These are project suggestions for Psych 221 offered in the spring of 2010. We update this page regularly with ideas for projects.

To see project examples from previous years, visit SCIEN Class Projects Page.

We will define some neuroimaging visualization and data analysis projects here, too. We will add some additional digital imaging projects based on student feedback.

Camera Identification

Lukas et al. (2005) suggest that cameras each have a unique signature based on their particular noise defects. They propose identifying which camera is the source of an image from an analysis of the fixed pattern noise in the camera. We would like to implement and test the algorithm on images from cameras owned by members of the class.

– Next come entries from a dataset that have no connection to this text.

(* Consider the stochastic processes $\{x^k\}_k$, $\{z^k\}_k$ generated by the normal map-based stochastic proximal gradient method described in the context, and suppose that conditions (A.2), (A.3) and (A.4) hold. Let $\{n_k\}_k\subseteq\mathbb{N}$ be an arbitrary strictly increasing sequence of indices and define \[ r_k:=\max_{n_k<j\le n_{k+1}}\Big\|\sum_{i=n_k}^{j-1}\alpha_i e^i\Big\|. \] Then $\sum_{k=0}^\infty \beta_{n_k}^2 r_k^2<\infty$ almost surely, where $\{\beta_k\}_k$ is the sequence from (A.4).
   Context: Let $\varphi:\mathbb{R}^d\to(-\infty,\infty]$ be convex, lower semicontinuous and proper, let $f:\mathbb{R}^d\to\mathbb{R}$ be continuously differentiable on an open set containing $\mathrm{dom}\,\varphi=\{x:\varphi(x)<\infty\}$, and set $\psi=f+\varphi$. For $\lambda>0$ let $\mathrm{prox}_{\lambda\varphi}(x)=\operatorname{argmin}_y\{\varphi(y)+\frac{1}{2\lambda}\|x-y\|^2\}$ and let $\mathrm{env}_{\lambda\varphi}(x)=\min_y\{\varphi(y)+\frac1{2\lambda}\|x-y\|^2\}$ be the Moreau envelope, with $\nabla\mathrm{env}_{\lambda\varphi}(x)=(x-\mathrm{prox}_{\lambda\varphi}(x))/\lambda$. Method: Let $(\Omega,\mathcal F,\{\mathcal F_k\}_k,\mathbb P)$ be a filtered probability space, $\lambda>0$, step sizes $\{\alpha_k\}_k\subset(0,\infty)$, a deterministic $z^0\in\mathbb{R}^d$ and $x^0=\mathrm{prox}_{\lambda\varphi}(z^0)$. For $k=0,1,2,\dots$ let $g^k:\Omega\to\mathbb{R}^d$ be an $\mathcal F_{k+1}$-measurable random vector (a stochastic estimate of $\nabla f(x^k)$), and set $z^{k+1}=z^k-\alpha_k(g^k+\nabla\mathrm{env}_{\lambda\varphi}(z^k))$, $x^{k+1}=\mathrm{prox}_{\lambda\varphi}(z^{k+1})$. Thus $x^k,z^k$ are $\mathcal F_k$-measurable. Define the errors $e^k:=g^k-\nabla f(x^k)$. Conditions: (A.2) $\mathbb E[g^k\mid\mathcal F_k]=\nabla f(x^k)$ a.s. and there is $\{\sigma_k\}_k\subseteq\mathbb R_+$ with $\mathbb E[\|e^k\|^2]\le\sigma_k^2$ for all $k$. (A.3) $\sum_k\alpha_k=\infty$ and $\alpha_k\to0$. (A.4) There is a sequence $\{\beta_k\}_k\subseteq(0,\infty)$ which is non-decreasing for all $k$ sufficiently large such that $\sum_{k=0}^\infty\alpha_k^2\beta_k^2\sigma_k^2<\infty$. *)

theory Defs
  imports "HOL-Analysis.Analysis" "HOL-Probability.Probability"
begin

definition edom :: "('d \<Rightarrow> ereal) \<Rightarrow> 'd set" where
  "edom \<phi> = {x. \<phi> x < \<infinity>}"

definition proper_fun :: "('d \<Rightarrow> ereal) \<Rightarrow> bool" where
  "proper_fun \<phi> \<longleftrightarrow> (\<forall>x. \<phi> x \<noteq> -\<infinity>) \<and> edom \<phi> \<noteq> {}"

Project consultants: Course Assistant.

The Design of Imaging Sensors for Robotic Surgery

Robotic surgery relies upon capturing high quality 3D images of internal organs and the surrounding cardiovascular support and neural innervation. Many robotic surgical devices use conventional rgb sensors. This project will use the Image Systems Evaluation Toolbox (ISET) to simulate the performance of imaging sensors with non-conventional color sensitivities. The project will involve making spectral measurements of organs in a living animal and use these data as input to the ISET simulations.

Project consultants: Joyce Farrell and Dave Scott (Research Director, Intuitive Surgical)

Noise in the digital camera imaging pipeline

Color imaging sensors used in digital cameras acquire three spatially subsampled color channels with a color filter array (CFA) mosaic. The final image is formed by demosaicking these color channels, and transforming the interpolated image to a color space suitable for display. There are multiple stages in this imaging pipeline; several of these stages are nonlinear. The effect of these imaging pipeline stages on image noise is complex. In this project we will study the propagation of noise in the imaging pipeline via simulations in ISET. Some specific questions we'd like to address are: a) the effect of the order of image processing operations on visible noise in the final image, b) the improvement offered by simultaneously performing some imaging pipeline operations (e.g., joint demosaicking and denoising).

Project consultants: Steve Lansel

Resolution in color filter array images

The many megapixels available on modern imaging sensors offer the opportunity to trade-off spatial resolution for other desirable measurements. For instance, a color filter array with more than 3 color filters may offer improved color reproduction and the ability to render scenes under arbitrary illuminants. It is important to understand the real resolution trade-off in such schemes. In this project we will address this issue via simulations in ISET. We will consider the effect on final image resolution of some novel image acquisition schemes (e.g., interleaved imaging) by considering the full imaging pipeline (imaging lens, pixel size, color filter efficiencies, etc.).

Project consultants: Steve Lansel and Brian Wandell

Color balancing pipeline

If displayed without any processing, the raw image data acquired under different illuminants will appear to have an unnatural color cast. Images taken under tungsten illumination will appear too yellow; images under fluorescent illumination generally appear too green. Color balancing algorithms are designed to correct these images, transforming the raw data such that the unwanted color cast is eliminated. These images appear more correct to human viewers because the human visual system also performs a color balancing transformation as we move between illumination conditions. Despite work at Stanford on this problem for nearly three decades, there is no integrated suite of software tools for color balancing algorithms. This could be the year that you help us fix this problem.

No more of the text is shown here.